*Task*.
Begin at the top of the records and copy each line exactly. The line containing "k v) = vec2" is the last one to include.

*Data for processing*.
# # # # #
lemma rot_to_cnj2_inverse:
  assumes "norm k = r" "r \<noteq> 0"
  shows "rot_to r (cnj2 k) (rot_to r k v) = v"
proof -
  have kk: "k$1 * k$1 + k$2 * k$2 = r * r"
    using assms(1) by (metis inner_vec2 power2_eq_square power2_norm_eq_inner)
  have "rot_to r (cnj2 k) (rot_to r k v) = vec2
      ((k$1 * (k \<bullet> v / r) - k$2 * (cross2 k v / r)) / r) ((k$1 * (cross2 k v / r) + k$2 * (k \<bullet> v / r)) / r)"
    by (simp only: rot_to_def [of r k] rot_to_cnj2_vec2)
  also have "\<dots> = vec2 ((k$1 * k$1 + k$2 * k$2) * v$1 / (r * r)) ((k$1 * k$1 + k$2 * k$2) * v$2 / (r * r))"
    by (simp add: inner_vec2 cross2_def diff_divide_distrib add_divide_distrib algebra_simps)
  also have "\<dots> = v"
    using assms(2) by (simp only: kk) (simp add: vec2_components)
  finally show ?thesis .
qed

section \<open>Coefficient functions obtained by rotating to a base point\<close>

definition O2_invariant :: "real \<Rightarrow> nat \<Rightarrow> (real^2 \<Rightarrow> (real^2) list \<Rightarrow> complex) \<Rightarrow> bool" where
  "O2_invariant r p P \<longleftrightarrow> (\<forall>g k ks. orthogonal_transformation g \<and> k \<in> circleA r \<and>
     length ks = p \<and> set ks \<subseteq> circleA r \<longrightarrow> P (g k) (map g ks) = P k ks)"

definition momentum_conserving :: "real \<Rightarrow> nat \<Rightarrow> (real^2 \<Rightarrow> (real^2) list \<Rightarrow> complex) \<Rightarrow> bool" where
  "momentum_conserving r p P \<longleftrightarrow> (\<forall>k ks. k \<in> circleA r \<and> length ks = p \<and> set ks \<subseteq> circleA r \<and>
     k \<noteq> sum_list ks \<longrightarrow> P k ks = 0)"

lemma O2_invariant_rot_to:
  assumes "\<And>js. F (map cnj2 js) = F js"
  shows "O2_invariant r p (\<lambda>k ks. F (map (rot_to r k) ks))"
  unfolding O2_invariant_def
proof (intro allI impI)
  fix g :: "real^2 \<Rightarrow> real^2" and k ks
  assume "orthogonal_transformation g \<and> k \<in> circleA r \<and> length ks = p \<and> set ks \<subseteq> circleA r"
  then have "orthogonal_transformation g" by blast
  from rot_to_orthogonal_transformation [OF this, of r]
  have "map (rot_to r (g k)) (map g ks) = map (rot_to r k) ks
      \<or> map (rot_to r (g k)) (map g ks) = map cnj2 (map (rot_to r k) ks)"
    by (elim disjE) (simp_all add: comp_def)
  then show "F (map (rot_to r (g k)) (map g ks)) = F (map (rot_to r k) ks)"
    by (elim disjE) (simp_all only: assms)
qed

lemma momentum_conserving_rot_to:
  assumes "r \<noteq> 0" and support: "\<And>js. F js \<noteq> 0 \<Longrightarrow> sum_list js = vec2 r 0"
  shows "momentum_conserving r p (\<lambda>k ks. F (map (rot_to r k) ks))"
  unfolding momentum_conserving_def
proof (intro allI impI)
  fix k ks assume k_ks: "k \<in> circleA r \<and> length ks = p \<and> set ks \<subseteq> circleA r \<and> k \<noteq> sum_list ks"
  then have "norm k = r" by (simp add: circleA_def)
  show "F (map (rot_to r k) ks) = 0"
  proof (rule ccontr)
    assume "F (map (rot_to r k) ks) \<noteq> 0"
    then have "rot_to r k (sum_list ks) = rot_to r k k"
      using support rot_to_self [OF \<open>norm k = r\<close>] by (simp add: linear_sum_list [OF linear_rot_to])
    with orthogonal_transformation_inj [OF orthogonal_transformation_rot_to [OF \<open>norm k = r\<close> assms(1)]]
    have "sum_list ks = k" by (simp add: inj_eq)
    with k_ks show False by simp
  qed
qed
# # # # #
*Solution to the problem*.
lemma rot_to_cnj2_inverse:
  assumes "norm k = r" "r \<noteq> 0"
  shows "rot_to r (cnj2 k) (rot_to r k v) = v"
proof -
  have kk: "k$1 * k$1 + k$2 * k$2 = r * r"
    using assms(1) by (metis inner_vec2 power2_eq_square power2_norm_eq_inner)
  have "rot_to r (cnj2 k) (rot_to r k v) = vec2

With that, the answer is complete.